However, it is also possible to find the union of two Bloom filters if they have the same size and were constructed with the same hash functions, which means it is possible to use the Bloom filter for parallel batch processing (i.e., approximating a very large set by combining the Bloom filters approximating its subsets). The union of Bloom filters approximating sets $A$ and $B$ is the bucketwise OR of $A$ and $B$. The union of Bloom filters approximating sets $A$ and $B$ will produce the same result as the Bloom filter approximating the set $A \cup B$.

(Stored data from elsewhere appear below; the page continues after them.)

lemma roy_structure:
  assumes s0: "measure_pmf.prob Q {(y, d). y \<and> \<not> d} \<le> s0" "s0 \<le> measure_pmf.prob Q {(y, d). y}"
    and s1: "measure_pmf.prob Q {(y, d). y \<and> d} \<le> s1" "s1 \<le> measure_pmf.prob Q {(y, d). y}"
  defines "N \<equiv> roy_structure Q s0 s1"
  shows "\<forall>y0 y1 d. (y0, y1, d) \<in> set_pmf N \<longrightarrow> roy_outcome y0 y1 d"
    and "map_pmf observed N = Q"
    and "prob_Y0 N = s0"
    and "prob_Y1 N = s1"
proof -
  define a where "a = pmf Q (True, True)"
  define b where "b = pmf Q (True, False)"
  define \<alpha> where "\<alpha> = (s1 - a) / b"
  define \<beta> where "\<beta> = (s0 - b) / a"
  have N: "N = bind_pmf Q (roy_kernel \<alpha> \<beta>)"
    by (simp add: N_def roy_structure_def \<alpha>_def \<beta>_def a_def b_def)
  have bounds: "b \<le> s0" "s0 \<le> a + b" "a \<le> s1" "s1 \<le> a + b"
    using s0 s1 by (simp_all add: a_def b_def bool_pmf_enum_simps)
  have "a \<ge> 0" "b \<ge> 0"
    by (simp_all add: a_def b_def)
  then have \<alpha>: "0 \<le> \<alpha>" "\<alpha> \<le> 1" "b * \<alpha> = s1 - a" and \<beta>: "0 \<le> \<beta>" "\<beta> \<le> 1" "a * \<beta> = s0 - b"
    using bounds by (auto simp: \<alpha>_def \<beta>_def divide_simps)
  show "\<forall>y0 y1 d. (y0, y1, d) \<in> set_pmf N \<longrightarrow> roy_outcome y0 y1 d"
    by (auto simp: N roy_kernel_def roy_outcome_def split: if_splits)
  have "map_pmf observed (roy_kernel \<alpha> \<beta> z) = return_pmf z" for z
    by (cases z) (auto simp: roy_kernel_def observed_def map_pmf_comp)
  then show "map_pmf observed N = Q"
    by (simp add: N map_bind_pmf bind_return_pmf')
  show "prob_Y0 N = s0"
    using \<beta> by (simp add: N prob_Y0_def map_bind_pmf pmf_bind_finite_UNIV sum_UNIV_bool_prod UNIV_bool
        roy_kernel_def map_pmf_comp a_def[symmetric] b_def[symmetric] algebra_simps)
  show "prob_Y1 N = s1"
    using \<alpha> by (simp add: N prob_Y1_def map_bind_pmf pmf_bind_finite_UNIV sum_UNIV_bool_prod UNIV_bool
        roy_kernel_def map_pmf_comp a_def[symmetric] b_def[symmetric] algebra_simps)
qed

It is also possible to find the intersection of two Bloom filters by taking their bucketwise AND. $ \mathrm{Bloom}(A) \cap \mathrm{Bloom}(B) $ may be less precise than $ \mathrm{Bloom}(A \cap B) $; the upper bound on the false positive rate for $ \mathrm{Bloom}(A) \cap \mathrm{Bloom}(B) $ will be the greater of the false positive rates for $ \mathrm{Bloom}(A) $ and $ \mathrm{Bloom}(B) $.

In [ ]:
class Bloom(object):
    def __init__(self, size, hashes):
        """ Initializes a Bloom filter with the
            given size and a collection of hashes, 
            which are functions taking arbitrary 
            values and returning integers. 
            
            hashes can be either a function taking 
            a value and returning a list of results
            or a list of functions.  In the latter 
            case, this constructor will synthesize 
            the former """
        self.__buckets = BitVector(size)
        self.__size = len(self.__buckets)
        
        if hasattr(hashes, '__call__'):
            self.__hashes = hashes
        else:
            funs = hashes[:]
            def h(value):
                return [int(f(value)) for f in funs]
            self.__hashes = h
    
    def size(self):
        return self.__size
    
    def insert(self, value):
        """ Inserts a value into this set """
        for h in self.__hashes(value):
            self.__buckets[h % self.__size] = True
    
    def lookup(self, value):
        """ Returns true if value may be in this set
            (i.e., may return false positives) """
        for h in self.__hashes(value):
            if self.__buckets[h % self.__size] == False:
                return False
        return True
    
    def merge_from(self, other):
        """ Merges other in to this filter by 
            taking the bitwise OR of this and 
            other.  Updates this filter in place. """
        self.__buckets.merge_from(other.__buckets)
    
    def intersect(self, other):
        """ Takes the approximate intersection of 
            this and other, returning a new filter 
            approximating the membership of the 
            intersection of the set approximated 
            by self and the set approximated by other.
            
            The upper bound on the false positive rate 
            of the resulting filter is the greater of 
            the false positive rates of self and other 
            (but the FPR may be worse than the FPR of 
            a Bloom filter constructed only from the 
            values in the intersection of the sets 
            approximated by self and other). """
        
        b = Bloom(self.size(), self.__hashes)
        b.__buckets.merge_from(self.__buckets)
        b.__buckets.intersect_from(other.__buckets)
        return b
    
    def union(self, other):
        """ Generates a Bloom filter approximating the 
            membership of the union of the set approximated
            by self and the set approximated by other.
            
            Unlike intersect, this does not affect the 
            precision of the filter (i.e., its precision
            will be identical to that of a Bloom filter 
            built up from the union of the two sets). """
        
        b = Bloom(self.size(), self.__hashes)
        b.__buckets.merge_from(self.__buckets)
        b.__buckets.merge_from(other.__buckets)
        return b
        
    
    def dup(self):
        b = Bloom(self.size(), self.__hashes)
        b.merge_from(self)
        return b

We can see these in action:

In [ ]:
b1 = Bloom(1024, hashes_for(3, 8))
b2 = Bloom(1024, hashes_for(3, 8))

b1.insert("foo")
b1.insert("bar")
b2.insert("foo")
b2.insert("blah")

b_intersect = b1.intersect(b2)
b_intersect.lookup("foo")
In [ ]:
b_intersect.lookup("blah")
In [ ]:
b_union = b1.union(b2) 
b_union.lookup("blah"), b_union.lookup("bar")

Partitioned Bloom Filters

The partitioned Bloom filter simply divides the set of buckets into several partitions (one for each hash function) so that, e.g., a bit in partition 0 can only be set by hash 0, and so on. A major advantage of the partitioned Bloom filter is that it has a better false positive rate under intersection (see the reference to Jeffrey and Steffan below), which can be better used to identify potential conflicts between very large sets.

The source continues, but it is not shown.